Work request: Each line from the opening of the records that follow to the line with "representatives u +" needs to be written out exactly. Add nothing.
--
text \<open>Matrices sigma = (a b; c d) in SL2(Z) are represented as quadruples (a,b,c,d).\<close>
definition SL2Z :: "(int \<times> int \<times> int \<times> int) set" where
  "SL2Z = {(a,b,c,d). a * d - b * c = 1}"

definition Gamma0 :: "nat \<Rightarrow> (int \<times> int \<times> int \<times> int) set" where
  "Gamma0 N = {(a,b,c,d). (a,b,c,d) \<in> SL2Z \<and> int N dvd c}"

text \<open>(p 0; 0 1) (a b; c d) (p^{-1} 0; 0 1) = (a, p b; c/p, d)  (integral when p divides c).\<close>
definition conj_p :: "nat \<Rightarrow> int \<times> int \<times> int \<times> int \<Rightarrow> int \<times> int \<times> int \<times> int" where
  "conj_p p \<sigma> = (case \<sigma> of (a,b,c,d) \<Rightarrow> (a, int p * b, c div int p, d))"

text \<open>The coefficients M_{u,v}(sigma). For c nonzero, the sum over (u+O)/cO is taken over the
  representatives u + x + y omega, 0 <= x,y < |c| (the summand is independent of the choice).\<close>
definition Mcoef :: "nat \<Rightarrow> complex \<Rightarrow> complex \<Rightarrow> int \<times> int \<times> int \<times> int \<Rightarrow> complex" where
  "Mcoef D u v \<sigma> = (case \<sigma> of (a,b,c,d) \<Rightarrow>
     if c \<noteq> 0 then
       (- \<i> / (of_int c * complex_of_real (sqrt (real D)))) *
       (\<Sum>(x,y)\<in>{0..<\<bar>c\<bar>} \<times> {0..<\<bar>c\<bar>}.
          (let \<gamma> = u + of_int x + of_int y * omegaK D in
            ee ((of_int a * NK \<gamma> - \<gamma> * cnj v - cnj \<gamma> * v + of_int d * NK v) / of_int c)))
     else
       of_int (sgn a) * (if u - of_int a * v \<in> OK D then 1 else 0) * ee (of_int (a * b) * NK u))"

end

theory Submission
  imports Defs "HOL-Analysis.Complex_Transcendental"
begin

text \<open>
  For \<open>c = p c' \<noteq> 0\<close> the phase of \<open>(\<pi> u, \<pi> v)\<close> modulo \<open>c\<close> at \<open>\<pi> \<gamma>\<close> equals the phase of
  \<open>(u, v)\<close> modulo \<open>c'\<close> at \<open>\<gamma>\<close>, because \<open>\<pi> * cnj \<pi> = p\<close>. The left-hand sum runs over
  \<open>O/cO\<close> and the right-hand one over \<open>O/c'O\<close>. Since \<open>p\<close> splits, the elements
  \<open>\<pi> \<gamma> + r + c' \<pi> s\<close>, with \<open>\<gamma>\<close> running over \<open>O/c'O\<close> and \<open>0 \<le> r, s < p\<close>, represent \<open>O/cO\<close>.
  Shifting by \<open>c' \<pi> s\<close> multiplies the summand by \<open>e[a r t s / p]\<close>, where \<open>t = \<pi> + cnj \<pi>\<close> is
  prime to \<open>p\<close>, and \<open>p\<close> does not divide \<open>a\<close> since \<open>\<sigma> \<in> \<Gamma>\<^sub>0(p)\<close>; hence the sum over \<open>s\<close> kills
  every \<open>r \<noteq> 0\<close> and leaves the factor \<open>p\<close> that turns \<open>1/c\<close> into \<open>1/c'\<close>. For \<open>c = 0\<close> it
  suffices that \<open>\<pi> w \<in> O \<longleftrightarrow> w \<in> O\<close> for \<open>w \<in> D\<^sup>-\<^sup>1\<close>, which holds because \<open>p\<close> is prime to \<open>D\<close>.
\<close>

lemma of_real_sqrt_nat_squared: "complex_of_real (sqrt (real D)) ^ 2 = of_nat D"
  by (metis of_real_of_nat_eq of_real_power real_sqrt_pow2 of_nat_0_le_iff)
--
Finished task:
text \<open>Matrices sigma = (a b; c d) in SL2(Z) are represented as quadruples (a,b,c,d).\<close>
definition SL2Z :: "(int \<times> int \<times> int \<times> int) set" where
  "SL2Z = {(a,b,c,d). a * d - b * c = 1}"

definition Gamma0 :: "nat \<Rightarrow> (int \<times> int \<times> int \<times> int) set" where
  "Gamma0 N = {(a,b,c,d). (a,b,c,d) \<in> SL2Z \<and> int N dvd c}"

text \<open>(p 0; 0 1) (a b; c d) (p^{-1} 0; 0 1) = (a, p b; c/p, d)  (integral when p divides c).\<close>
definition conj_p :: "nat \<Rightarrow> int \<times> int \<times> int \<times> int \<Rightarrow> int \<times> int \<times> int \<times> int" where
  "conj_p p \<sigma> = (case \<sigma> of (a,b,c,d) \<Rightarrow> (a, int p * b, c div int p, d))"

text \<open>The coefficients M_{u,v}(sigma). For c nonzero, the sum over (u+O)/cO is taken over the
  representatives u + x + y omega, 0 <= x,y < |c| (the summand is independent of the choice).\<close>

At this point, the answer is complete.